• Description of the task
Show each line of the data below in which "obtain" occurs.

********

lemma F_graph_collapse:
  assumes "finite_sgraph G" "collapse G G0 cV cE"
  shows "F_graph G (cstar cE l) = F_graph G0 l"
  using assms
proof (induction "card {e\<in>edges G. isl (cE e)}" arbitrary: G rule: less_induct)
  case less
  have fg: "finite_sgraph G" and col: "collapse G G0 cV cE" by fact+
  have sg: "sgraph G" and fin: "finite (edges G)" using fg by (auto simp: finite_sgraph_def)
  show ?case
  proof (cases "\<exists>e\<in>edges G. isl (cE e)")
    case False
    then show ?thesis using F_graph_collapse_iso[OF fg col] by blast
  next
    case True
    then obtain e0 w where e0: "e0 \<in> edges G" "cE e0 = Inl w" by (metis isl_def)
    let ?H = "fiber G cV cE w"
    have "tree ?H" using col collapse_InlD(1)[OF col e0] unfolding collapse_def by blast
    moreover have "finite (edges ?H)" "edges ?H \<noteq> {}" using fin e0 by (auto simp: fiber_def)
    ultimately obtain t where t: "terminal_edge ?H t"
      using tree_has_terminal_edge[OF sgraph_fiber[OF sg col]] by blast
    then have tG: "t \<in> edges G" "cE t = Inl w" "org G t \<noteq> tgt G t"
      unfolding terminal_edge_def by (auto simp: fiber_def)
    have "F_graph G (cstar cE l) = F_graph (contract G t) (cstar cE l)"
      using F_graph_contract[OF fg tG(1,3)] collapse_InlD(4)[OF col tG(1,2)] tG(2)
      by (simp add: cstar_def)
    also have "\<dots> = F_graph G0 l"
    proof (rule less.hyps)
      have "{e\<in>edges (contract G t). isl (cE e)} = {e\<in>edges G. isl (cE e)} - {t, rev G t}"
        by (auto simp: contract_def)
      moreover have "t \<in> {e\<in>edges G. isl (cE e)}" using tG by simp
      ultimately have "{e\<in>edges (contract G t). isl (cE e)} \<subset> {e\<in>edges G. isl (cE e)}"
        by blast
      then show "card {e\<in>edges (contract G t). isl (cE e)} < card {e\<in>edges G. isl (cE e)}"
        by (rule psubset_card_mono[rotated]) (use fin in simp)
      show "finite_sgraph (contract G t)" by (rule finite_sgraph_contract[OF fg tG(1,3)])
      show "collapse (contract G t) G0 cV cE" by (rule collapse_contract[OF sg col t])
    qed
    finally show ?thesis .
  qed
qed

theorem mainTheorem9:
  fixes G :: "('v, 'e) sgraph" and G0 :: "('w, 'f) sgraph"
    and cV :: "'v \<Rightarrow> 'w" and cE :: "'e \<Rightarrow> 'w + 'f" and l :: "'f \<Rightarrow> real"
  assumes "finite_sgraph G" and "connected_sgraph G"
    and "finite_sgraph G0" and "connected_sgraph G0"
    and "collapse G G0 cV cE"
    and "\<forall>f\<in>edges G0. l f > 0"
    and "\<forall>f\<in>edges G0. l (rev G0 f) = l f"
  shows "F_graph G (cstar cE l) = F_graph G0 l"
  using F_graph_collapse[OF assms(1,5)] .

end
(* Let $a<0$, $\sigma>0$, $T>0$, and let $x(t)$ be the solution of $\mathrm{d}x(t)=a\,x(t)\,\mathrm{d}t+\sigma\,\mathrm{d}w(t)$, $x(0)=0$, where $w$ is a standard Wiener process. Let $h>0$ be such that $N=T/h$ is a positive integer, let $M\ge 1$ be an integer and put $B=MN$. Let $x_1,\dots,x_M$ be independent copies of $x$, and define $$\hat V_M(h)=\frac1M\sum_{i=1}^M\sum_{k=0}^{N-1} h\,x_i^2(kh),\qquad V_T=\int_0^T\mathbb{E}[x^2(t)]\,\mathrm{d}t,\qquad \mathrm{MSE}_T(h,B)=\mathbb{E}\big[(\hat V_M(h)-V_T)^2\big].$$ Then $\mathrm{MSE}_T(h,B)=E_1(h,T,a)+\frac{E_2(h,T,a)}{B}$, where $$E_1(h,T,a)=\frac{\sigma^4\left(-2ah+e^{2ah}-1\right)^2\left(e^{2aT}-1\right)^2}{16a^4\left(e^{2ah}-1\right)^2},$$ $$E_2(h,T,a)=\frac{\sigma^4T\left[h\left(e^{2aT}-1\right)\left(4e^{2ah}+e^{2aT}+1\right)-\left(e^{2ah}-1\right)\left(e^{2ah}+4e^{2aT}+1\right)T\right]}{2a^2\left(e^{2ah}-1\right)^2}.$$
   Context: This is the finite-horizon, undiscounted Monte-Carlo policy evaluation of a one-dimensional Langevin (linear quadratic) system with quadratic cost $x^2$ (cost weight $q=1$): the system horizon equals the estimation horizon $T$, the data budget is $B=M\cdot N$ (number of episodes times number of samples per episode), and $\hat V_M(h)$ is the average over $M$ episodes of the left Riemann sum of the cost with step-size $h$. *)

theory Defs
  imports "HOL-Probability.Probability"
begin

definition wiener_process :: "'a measure \<Rightarrow> (real \<Rightarrow> 'a \<Rightarrow> real) \<Rightarrow> bool" where
  "wiener_process P W \<longleftrightarrow>
     prob_space P \<and>
     (\<forall>t. W t \<in> borel_measurable P) \<and>
     (\<forall>\<omega>\<in>space P. W 0 \<omega> = 0 \<and> continuous_on {0..} (\<lambda>t. W t \<omega>)) \<and>
     (\<forall>s t. 0 \<le> s \<longrightarrow> s < t \<longrightarrow>
        distributed P lborel (\<lambda>\<omega>. W t \<omega> - W s \<omega>)
          (\<lambda>y. ennreal (normal_density 0 (sqrt (t - s)) y))) \<and>
     (\<forall>(n::nat) (ts::nat \<Rightarrow> real). 0 \<le> ts 0 \<longrightarrow> (\<forall>i<n. ts i < ts (Suc i)) \<longrightarrow>
        prob_space.indep_vars P (\<lambda>_. borel) (\<lambda>i \<omega>. W (ts (Suc i)) \<omega> - W (ts i) \<omega>) {..<n})"

text \<open>X solves dX(t) = a X(t) dt + \<sigma> dW(t), X(0) = 0, written in integral form
  X(t) = \<integral>_0^t a X(s) ds + \<sigma> W(t) (additive noise: the stochastic integral of the
  constant \<sigma> is \<sigma> W(t)); paths of X are continuous.\<close>
definition langevin_solution ::
  "'a measure \<Rightarrow> real \<Rightarrow> real \<Rightarrow> (real \<Rightarrow> 'a \<Rightarrow> real) \<Rightarrow> (real \<Rightarrow> 'a \<Rightarrow> real) \<Rightarrow> bool" where
  "langevin_solution P a \<sigma> W X \<longleftrightarrow>
     (\<forall>t. X t \<in> borel_measurable P) \<and>
     (\<forall>\<omega>\<in>space P. continuous_on {0..} (\<lambda>t. X t \<omega>) \<and>
        (\<forall>t\<ge>0. X t \<omega> = integral {0..t} (\<lambda>s. a * X s \<omega>) + \<sigma> * W t \<omega>))"

definition E1 :: "real \<Rightarrow> real \<Rightarrow> real \<Rightarrow> real \<Rightarrow> real" where
  "E1 \<sigma> h T a =
     \<sigma>^4 * (-2*a*h + exp (2*a*h) - 1)^2 * (exp (2*a*T) - 1)^2
     / (16 * a^4 * (exp (2*a*h) - 1)^2)"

********

• Solved problem
    then obtain e0 w where e0: "e0 \<in> edges G" "cE e0 = Inl w" by (metis isl_def)
    ultimately obtain t where t: "terminal_edge ?H t"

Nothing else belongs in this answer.